**About this task**
The answer must consist only of the lines from the line with "z\<^sup>2 - (of_real" to the line with "unfolding P2_def P2'_def", both included, exactly as they stand below.
────
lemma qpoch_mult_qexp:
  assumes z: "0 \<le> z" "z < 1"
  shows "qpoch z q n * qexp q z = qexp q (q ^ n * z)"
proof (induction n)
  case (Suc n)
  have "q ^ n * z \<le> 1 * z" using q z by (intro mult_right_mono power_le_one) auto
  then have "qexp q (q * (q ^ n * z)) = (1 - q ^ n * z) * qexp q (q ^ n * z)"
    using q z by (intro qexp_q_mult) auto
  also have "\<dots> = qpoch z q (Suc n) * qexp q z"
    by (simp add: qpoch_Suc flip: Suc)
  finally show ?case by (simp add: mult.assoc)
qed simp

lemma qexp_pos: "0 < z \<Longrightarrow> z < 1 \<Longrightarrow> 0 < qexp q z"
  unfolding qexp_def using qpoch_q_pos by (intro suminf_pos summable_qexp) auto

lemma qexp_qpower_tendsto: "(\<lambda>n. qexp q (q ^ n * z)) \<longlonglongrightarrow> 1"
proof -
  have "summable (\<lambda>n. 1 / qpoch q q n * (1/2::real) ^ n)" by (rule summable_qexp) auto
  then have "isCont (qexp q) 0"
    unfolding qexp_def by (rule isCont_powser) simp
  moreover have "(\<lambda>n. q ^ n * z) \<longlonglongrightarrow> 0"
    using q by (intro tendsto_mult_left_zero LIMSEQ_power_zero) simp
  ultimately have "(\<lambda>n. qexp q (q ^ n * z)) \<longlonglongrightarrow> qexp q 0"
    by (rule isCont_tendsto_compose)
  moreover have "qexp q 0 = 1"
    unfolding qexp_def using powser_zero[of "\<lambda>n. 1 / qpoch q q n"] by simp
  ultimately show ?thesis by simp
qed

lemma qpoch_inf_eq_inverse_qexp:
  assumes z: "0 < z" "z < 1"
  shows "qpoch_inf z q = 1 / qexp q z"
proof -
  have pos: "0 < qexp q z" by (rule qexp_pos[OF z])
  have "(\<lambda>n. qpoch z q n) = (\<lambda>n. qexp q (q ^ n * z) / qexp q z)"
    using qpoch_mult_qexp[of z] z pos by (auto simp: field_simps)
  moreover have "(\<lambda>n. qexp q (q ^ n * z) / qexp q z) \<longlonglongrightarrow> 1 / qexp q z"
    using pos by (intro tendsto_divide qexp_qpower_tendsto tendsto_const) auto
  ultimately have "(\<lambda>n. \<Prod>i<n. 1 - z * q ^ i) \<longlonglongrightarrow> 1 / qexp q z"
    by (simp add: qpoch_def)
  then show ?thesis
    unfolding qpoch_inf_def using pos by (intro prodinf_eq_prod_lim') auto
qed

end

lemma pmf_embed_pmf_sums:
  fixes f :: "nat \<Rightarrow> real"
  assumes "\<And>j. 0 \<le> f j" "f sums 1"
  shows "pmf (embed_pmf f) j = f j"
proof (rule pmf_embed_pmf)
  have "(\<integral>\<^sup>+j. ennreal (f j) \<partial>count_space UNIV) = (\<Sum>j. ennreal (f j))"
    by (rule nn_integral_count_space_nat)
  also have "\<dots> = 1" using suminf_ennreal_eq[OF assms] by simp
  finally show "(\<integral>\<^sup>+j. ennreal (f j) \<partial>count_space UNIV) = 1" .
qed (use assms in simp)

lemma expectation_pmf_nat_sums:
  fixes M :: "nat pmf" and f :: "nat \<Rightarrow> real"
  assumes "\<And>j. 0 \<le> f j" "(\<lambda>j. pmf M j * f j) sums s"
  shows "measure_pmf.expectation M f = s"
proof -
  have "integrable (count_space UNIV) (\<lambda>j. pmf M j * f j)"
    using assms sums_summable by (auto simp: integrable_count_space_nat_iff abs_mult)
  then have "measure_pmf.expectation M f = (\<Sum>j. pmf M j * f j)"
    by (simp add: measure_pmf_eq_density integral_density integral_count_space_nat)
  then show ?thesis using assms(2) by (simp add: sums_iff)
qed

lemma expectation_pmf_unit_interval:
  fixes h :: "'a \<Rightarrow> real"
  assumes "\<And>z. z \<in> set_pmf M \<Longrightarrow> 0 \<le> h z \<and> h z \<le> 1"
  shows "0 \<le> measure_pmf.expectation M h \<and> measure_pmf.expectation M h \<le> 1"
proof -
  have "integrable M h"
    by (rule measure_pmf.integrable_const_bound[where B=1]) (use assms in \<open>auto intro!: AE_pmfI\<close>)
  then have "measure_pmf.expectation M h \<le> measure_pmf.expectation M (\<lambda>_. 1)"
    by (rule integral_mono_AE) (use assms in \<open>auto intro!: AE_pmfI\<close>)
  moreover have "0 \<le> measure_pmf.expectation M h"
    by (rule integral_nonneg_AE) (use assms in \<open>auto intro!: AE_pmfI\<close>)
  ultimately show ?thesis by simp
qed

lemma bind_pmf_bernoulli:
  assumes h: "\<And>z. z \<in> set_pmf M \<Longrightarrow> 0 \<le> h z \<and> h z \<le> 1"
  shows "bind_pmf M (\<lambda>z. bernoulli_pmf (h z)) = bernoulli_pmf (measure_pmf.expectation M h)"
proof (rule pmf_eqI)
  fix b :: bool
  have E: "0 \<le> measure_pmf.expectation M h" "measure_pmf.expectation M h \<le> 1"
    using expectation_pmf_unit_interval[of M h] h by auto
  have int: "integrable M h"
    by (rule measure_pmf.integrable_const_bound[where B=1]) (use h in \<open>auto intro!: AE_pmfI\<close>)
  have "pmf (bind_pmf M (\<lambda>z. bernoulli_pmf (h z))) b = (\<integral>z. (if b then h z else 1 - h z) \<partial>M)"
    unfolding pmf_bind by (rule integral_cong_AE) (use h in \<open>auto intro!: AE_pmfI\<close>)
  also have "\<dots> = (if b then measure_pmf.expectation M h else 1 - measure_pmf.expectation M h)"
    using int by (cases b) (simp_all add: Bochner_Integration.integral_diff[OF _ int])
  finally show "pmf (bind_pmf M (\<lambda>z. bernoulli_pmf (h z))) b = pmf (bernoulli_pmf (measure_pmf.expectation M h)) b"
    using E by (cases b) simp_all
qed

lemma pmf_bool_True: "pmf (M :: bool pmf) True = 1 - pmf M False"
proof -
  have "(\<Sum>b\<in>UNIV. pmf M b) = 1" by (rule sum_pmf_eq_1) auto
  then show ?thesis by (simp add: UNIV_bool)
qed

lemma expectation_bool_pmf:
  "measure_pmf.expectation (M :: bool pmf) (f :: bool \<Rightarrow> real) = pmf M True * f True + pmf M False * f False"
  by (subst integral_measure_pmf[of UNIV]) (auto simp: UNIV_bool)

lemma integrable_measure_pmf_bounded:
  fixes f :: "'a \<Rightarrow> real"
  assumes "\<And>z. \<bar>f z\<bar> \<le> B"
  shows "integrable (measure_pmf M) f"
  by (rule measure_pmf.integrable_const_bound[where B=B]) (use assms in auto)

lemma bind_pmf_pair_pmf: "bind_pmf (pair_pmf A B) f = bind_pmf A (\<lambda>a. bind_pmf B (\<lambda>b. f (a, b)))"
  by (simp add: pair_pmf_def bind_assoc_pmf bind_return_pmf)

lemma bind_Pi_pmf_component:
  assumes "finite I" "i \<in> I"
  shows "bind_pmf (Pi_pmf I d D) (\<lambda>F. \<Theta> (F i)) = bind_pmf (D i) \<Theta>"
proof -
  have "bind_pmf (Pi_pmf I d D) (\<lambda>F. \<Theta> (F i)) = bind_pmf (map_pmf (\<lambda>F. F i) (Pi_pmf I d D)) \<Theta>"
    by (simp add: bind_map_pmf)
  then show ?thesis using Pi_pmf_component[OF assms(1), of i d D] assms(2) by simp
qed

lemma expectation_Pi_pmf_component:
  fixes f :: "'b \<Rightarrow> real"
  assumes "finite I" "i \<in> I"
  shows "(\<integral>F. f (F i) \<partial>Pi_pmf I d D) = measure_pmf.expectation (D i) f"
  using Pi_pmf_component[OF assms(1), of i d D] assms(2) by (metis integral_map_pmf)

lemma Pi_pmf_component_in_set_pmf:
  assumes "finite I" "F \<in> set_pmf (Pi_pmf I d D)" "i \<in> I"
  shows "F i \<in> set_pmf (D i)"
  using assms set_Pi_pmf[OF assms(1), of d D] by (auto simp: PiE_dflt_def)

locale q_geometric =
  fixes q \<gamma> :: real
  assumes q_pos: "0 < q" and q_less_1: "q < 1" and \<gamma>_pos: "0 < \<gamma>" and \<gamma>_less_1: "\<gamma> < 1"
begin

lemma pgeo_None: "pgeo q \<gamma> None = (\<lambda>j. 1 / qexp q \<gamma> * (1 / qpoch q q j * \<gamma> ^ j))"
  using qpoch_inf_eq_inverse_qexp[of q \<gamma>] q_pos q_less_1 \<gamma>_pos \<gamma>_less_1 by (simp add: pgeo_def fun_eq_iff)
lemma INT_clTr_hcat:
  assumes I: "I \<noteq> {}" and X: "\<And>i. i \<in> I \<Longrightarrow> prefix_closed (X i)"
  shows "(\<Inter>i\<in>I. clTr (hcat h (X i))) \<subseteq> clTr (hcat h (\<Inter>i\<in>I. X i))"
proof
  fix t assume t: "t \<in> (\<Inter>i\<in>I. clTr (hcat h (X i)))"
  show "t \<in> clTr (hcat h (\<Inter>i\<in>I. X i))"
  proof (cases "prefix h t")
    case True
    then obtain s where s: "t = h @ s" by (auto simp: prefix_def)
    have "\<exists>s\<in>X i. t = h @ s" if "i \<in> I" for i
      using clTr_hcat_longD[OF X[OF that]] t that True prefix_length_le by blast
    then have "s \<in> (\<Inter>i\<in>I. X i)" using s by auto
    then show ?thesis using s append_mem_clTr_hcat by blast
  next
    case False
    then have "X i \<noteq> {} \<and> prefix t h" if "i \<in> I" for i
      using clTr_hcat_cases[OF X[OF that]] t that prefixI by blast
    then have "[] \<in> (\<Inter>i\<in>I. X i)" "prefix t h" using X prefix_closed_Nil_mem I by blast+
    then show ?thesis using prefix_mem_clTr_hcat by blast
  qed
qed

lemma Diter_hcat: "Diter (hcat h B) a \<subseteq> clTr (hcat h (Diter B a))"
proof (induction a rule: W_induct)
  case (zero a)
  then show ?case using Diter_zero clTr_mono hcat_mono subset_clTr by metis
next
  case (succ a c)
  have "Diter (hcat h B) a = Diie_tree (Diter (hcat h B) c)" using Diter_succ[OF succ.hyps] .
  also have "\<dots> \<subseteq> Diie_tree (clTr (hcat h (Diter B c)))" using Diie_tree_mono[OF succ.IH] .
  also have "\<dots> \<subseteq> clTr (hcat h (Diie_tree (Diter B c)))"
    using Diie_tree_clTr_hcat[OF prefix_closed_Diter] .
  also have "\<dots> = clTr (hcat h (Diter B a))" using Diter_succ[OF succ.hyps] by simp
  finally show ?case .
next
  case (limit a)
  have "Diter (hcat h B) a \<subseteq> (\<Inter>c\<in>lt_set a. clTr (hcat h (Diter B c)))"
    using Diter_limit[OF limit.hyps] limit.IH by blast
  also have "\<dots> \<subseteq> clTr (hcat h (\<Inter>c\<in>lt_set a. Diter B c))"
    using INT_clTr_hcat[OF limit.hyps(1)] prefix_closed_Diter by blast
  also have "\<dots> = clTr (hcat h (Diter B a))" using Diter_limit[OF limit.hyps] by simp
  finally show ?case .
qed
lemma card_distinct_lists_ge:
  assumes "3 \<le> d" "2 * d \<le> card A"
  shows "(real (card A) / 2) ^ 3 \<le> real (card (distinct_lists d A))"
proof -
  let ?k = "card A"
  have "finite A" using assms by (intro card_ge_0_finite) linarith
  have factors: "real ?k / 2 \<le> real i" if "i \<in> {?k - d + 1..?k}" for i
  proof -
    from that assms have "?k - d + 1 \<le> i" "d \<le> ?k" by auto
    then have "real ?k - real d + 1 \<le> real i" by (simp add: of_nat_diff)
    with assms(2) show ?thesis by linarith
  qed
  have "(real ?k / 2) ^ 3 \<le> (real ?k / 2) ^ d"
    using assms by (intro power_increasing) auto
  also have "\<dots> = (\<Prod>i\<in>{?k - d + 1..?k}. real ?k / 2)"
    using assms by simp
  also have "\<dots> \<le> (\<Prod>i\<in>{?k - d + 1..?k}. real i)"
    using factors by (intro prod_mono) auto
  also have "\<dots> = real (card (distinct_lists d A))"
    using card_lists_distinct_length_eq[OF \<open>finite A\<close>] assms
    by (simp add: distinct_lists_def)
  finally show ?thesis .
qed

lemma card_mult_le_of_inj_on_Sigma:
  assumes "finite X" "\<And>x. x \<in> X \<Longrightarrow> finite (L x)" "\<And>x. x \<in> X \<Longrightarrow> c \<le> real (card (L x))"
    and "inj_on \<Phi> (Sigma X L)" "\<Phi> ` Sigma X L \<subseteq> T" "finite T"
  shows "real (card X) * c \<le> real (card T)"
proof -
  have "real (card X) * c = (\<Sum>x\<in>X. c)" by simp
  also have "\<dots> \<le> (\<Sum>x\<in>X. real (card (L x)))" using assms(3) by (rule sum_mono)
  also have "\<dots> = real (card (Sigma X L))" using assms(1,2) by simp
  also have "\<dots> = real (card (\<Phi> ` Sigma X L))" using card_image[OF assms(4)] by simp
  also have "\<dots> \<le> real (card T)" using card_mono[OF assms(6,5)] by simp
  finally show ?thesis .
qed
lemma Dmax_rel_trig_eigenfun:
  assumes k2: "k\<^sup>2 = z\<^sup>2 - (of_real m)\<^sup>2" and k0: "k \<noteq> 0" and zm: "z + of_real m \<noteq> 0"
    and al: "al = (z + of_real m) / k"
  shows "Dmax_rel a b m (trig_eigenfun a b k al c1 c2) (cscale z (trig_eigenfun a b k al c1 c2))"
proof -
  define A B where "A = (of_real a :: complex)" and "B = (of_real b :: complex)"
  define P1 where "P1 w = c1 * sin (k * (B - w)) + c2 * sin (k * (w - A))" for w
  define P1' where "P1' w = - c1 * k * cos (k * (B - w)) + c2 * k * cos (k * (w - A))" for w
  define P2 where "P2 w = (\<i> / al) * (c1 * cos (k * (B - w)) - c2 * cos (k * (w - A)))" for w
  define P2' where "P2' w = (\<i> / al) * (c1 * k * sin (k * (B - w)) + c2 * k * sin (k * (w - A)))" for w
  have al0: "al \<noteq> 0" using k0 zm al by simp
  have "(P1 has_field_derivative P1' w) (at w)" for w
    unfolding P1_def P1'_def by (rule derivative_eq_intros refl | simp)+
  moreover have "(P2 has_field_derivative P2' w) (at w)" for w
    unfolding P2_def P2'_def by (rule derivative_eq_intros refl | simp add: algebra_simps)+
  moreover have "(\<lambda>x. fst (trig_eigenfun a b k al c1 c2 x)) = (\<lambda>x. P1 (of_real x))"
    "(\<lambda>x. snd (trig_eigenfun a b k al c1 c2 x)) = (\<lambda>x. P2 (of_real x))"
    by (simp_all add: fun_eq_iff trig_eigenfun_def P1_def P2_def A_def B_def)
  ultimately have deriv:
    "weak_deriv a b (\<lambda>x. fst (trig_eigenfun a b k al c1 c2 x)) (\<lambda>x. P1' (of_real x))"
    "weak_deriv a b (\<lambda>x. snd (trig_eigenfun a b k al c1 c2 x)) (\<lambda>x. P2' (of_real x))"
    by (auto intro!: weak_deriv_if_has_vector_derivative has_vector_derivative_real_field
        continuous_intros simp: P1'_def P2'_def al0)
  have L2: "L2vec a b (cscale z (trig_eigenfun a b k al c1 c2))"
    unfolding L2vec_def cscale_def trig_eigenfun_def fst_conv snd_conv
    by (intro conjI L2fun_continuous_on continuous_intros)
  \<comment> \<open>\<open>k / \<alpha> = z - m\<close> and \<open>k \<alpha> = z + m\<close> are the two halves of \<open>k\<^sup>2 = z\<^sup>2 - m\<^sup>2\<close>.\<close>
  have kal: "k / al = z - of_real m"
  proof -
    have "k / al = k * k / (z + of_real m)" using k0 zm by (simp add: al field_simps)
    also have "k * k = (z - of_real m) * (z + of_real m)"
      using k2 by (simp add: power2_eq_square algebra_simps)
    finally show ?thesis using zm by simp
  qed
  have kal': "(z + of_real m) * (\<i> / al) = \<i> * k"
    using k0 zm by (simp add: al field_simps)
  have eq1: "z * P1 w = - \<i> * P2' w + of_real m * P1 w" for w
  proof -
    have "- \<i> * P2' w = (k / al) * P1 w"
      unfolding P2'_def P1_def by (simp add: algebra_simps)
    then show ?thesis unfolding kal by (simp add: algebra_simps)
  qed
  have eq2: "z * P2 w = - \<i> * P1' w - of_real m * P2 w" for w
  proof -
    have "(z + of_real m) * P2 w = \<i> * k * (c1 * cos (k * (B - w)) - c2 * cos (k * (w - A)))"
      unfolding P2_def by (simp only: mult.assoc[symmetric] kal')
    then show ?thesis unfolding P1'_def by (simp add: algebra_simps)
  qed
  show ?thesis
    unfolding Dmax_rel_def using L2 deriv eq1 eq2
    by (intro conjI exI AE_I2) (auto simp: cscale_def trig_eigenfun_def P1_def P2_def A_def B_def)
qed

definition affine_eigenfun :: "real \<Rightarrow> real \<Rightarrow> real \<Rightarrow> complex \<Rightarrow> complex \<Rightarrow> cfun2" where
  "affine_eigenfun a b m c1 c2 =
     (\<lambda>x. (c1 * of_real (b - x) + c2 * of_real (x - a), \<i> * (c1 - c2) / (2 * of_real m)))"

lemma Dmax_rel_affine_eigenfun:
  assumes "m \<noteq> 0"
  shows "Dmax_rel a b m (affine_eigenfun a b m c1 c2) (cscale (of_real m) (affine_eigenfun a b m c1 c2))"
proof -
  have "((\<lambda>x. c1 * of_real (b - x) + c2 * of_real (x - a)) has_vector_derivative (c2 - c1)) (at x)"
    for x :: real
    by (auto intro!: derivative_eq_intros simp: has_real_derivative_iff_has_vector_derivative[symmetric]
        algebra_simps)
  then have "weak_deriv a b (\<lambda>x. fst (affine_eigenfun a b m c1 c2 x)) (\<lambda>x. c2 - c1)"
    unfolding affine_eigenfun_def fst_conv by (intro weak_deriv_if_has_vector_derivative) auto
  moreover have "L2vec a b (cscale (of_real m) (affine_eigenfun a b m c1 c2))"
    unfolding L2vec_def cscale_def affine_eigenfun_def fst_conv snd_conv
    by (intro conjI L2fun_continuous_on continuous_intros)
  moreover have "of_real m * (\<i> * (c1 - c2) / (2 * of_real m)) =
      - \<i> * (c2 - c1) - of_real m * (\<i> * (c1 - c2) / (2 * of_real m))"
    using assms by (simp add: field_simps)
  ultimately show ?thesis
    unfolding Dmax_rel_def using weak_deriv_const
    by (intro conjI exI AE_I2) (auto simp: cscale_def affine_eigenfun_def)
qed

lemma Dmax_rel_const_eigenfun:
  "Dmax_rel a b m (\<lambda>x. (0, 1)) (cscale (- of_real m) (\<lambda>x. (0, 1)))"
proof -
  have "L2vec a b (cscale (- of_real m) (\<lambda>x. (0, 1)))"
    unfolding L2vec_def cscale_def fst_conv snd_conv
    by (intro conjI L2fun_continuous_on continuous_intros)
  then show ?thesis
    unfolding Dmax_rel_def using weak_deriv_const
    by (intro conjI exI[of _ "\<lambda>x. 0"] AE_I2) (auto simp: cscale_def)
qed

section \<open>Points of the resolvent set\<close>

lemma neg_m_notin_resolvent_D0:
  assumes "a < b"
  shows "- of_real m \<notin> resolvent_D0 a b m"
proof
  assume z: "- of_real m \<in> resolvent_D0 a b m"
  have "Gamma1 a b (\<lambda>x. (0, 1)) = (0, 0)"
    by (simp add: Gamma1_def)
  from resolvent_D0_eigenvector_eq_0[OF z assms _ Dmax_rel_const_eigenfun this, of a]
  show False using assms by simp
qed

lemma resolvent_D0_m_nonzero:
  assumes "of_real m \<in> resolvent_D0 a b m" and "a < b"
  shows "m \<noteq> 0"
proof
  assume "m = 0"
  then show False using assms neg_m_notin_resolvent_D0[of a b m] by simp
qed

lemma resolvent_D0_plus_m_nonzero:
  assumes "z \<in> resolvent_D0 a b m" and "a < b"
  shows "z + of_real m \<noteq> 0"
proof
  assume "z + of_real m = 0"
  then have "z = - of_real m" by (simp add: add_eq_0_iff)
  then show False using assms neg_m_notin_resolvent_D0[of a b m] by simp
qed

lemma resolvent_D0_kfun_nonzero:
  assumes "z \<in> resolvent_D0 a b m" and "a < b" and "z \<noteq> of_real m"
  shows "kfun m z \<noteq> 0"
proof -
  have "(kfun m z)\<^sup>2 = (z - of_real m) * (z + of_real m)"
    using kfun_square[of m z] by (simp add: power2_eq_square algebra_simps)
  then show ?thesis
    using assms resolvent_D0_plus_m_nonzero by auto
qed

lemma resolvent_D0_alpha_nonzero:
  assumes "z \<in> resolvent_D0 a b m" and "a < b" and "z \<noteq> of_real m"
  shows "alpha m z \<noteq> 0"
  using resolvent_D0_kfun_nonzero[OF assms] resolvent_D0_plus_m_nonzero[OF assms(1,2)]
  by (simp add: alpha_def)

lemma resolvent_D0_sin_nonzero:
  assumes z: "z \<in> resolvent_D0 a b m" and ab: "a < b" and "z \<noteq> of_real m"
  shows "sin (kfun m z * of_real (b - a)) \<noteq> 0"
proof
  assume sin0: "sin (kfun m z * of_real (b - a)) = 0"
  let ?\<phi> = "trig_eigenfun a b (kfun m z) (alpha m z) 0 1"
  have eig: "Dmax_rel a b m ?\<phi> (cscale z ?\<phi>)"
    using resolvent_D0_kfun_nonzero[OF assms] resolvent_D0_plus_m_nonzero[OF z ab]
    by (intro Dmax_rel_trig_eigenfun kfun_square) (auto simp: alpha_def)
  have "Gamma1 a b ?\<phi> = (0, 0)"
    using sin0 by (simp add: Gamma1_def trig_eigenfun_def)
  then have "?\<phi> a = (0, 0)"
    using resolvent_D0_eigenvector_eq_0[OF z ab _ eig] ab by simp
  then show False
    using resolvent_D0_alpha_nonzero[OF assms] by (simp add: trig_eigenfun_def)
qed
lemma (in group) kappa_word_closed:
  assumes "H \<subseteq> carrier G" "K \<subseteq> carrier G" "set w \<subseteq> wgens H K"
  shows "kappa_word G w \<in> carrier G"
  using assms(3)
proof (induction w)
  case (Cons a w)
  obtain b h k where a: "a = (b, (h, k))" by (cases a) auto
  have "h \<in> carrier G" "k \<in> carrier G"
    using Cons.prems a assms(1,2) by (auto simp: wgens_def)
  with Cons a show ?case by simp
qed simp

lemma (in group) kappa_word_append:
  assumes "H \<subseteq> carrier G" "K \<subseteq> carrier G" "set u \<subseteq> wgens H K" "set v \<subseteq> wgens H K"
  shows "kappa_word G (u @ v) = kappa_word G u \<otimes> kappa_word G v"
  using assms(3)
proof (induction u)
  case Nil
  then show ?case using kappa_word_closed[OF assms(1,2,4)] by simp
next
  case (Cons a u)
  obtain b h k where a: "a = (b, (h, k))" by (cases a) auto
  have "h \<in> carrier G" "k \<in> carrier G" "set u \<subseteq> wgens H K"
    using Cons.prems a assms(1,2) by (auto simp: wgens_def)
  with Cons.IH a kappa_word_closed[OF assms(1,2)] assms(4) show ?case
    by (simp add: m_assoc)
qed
────
**Solution to the exercise**
  assumes k2: "k\<^sup>2 = z\<^sup>2 - (of_real m)\<^sup>2" and k0: "k \<noteq> 0" and zm: "z + of_real m \<noteq> 0"
    and al: "al = (z + of_real m) / k"
  shows "Dmax_rel a b m (trig_eigenfun a b k al c1 c2) (cscale z (trig_eigenfun a b k al c1 c2))"
proof -
  define A B where "A = (of_real a :: complex)" and "B = (of_real b :: complex)"
  define P1 where "P1 w = c1 * sin (k * (B - w)) + c2 * sin (k * (w - A))" for w
  define P1' where "P1' w = - c1 * k * cos (k * (B - w)) + c2 * k * cos (k * (w - A))" for w
  define P2 where "P2 w = (\<i> / al) * (c1 * cos (k * (B - w)) - c2 * cos (k * (w - A)))" for w
  define P2' where "P2' w = (\<i> / al) * (c1 * k * sin (k * (B - w)) + c2 * k * sin (k * (w - A)))" for w
  have al0: "al \<noteq> 0" using k0 zm al by simp
  have "(P1 has_field_derivative P1' w) (at w)" for w
    unfolding P1_def P1'_def by (rule derivative_eq_intros refl | simp)+
  moreover have "(P2 has_field_derivative P2' w) (at w)" for w
    unfolding P2_def P2'_def by (rule derivative_eq_intros refl | simp add: algebra_simps)+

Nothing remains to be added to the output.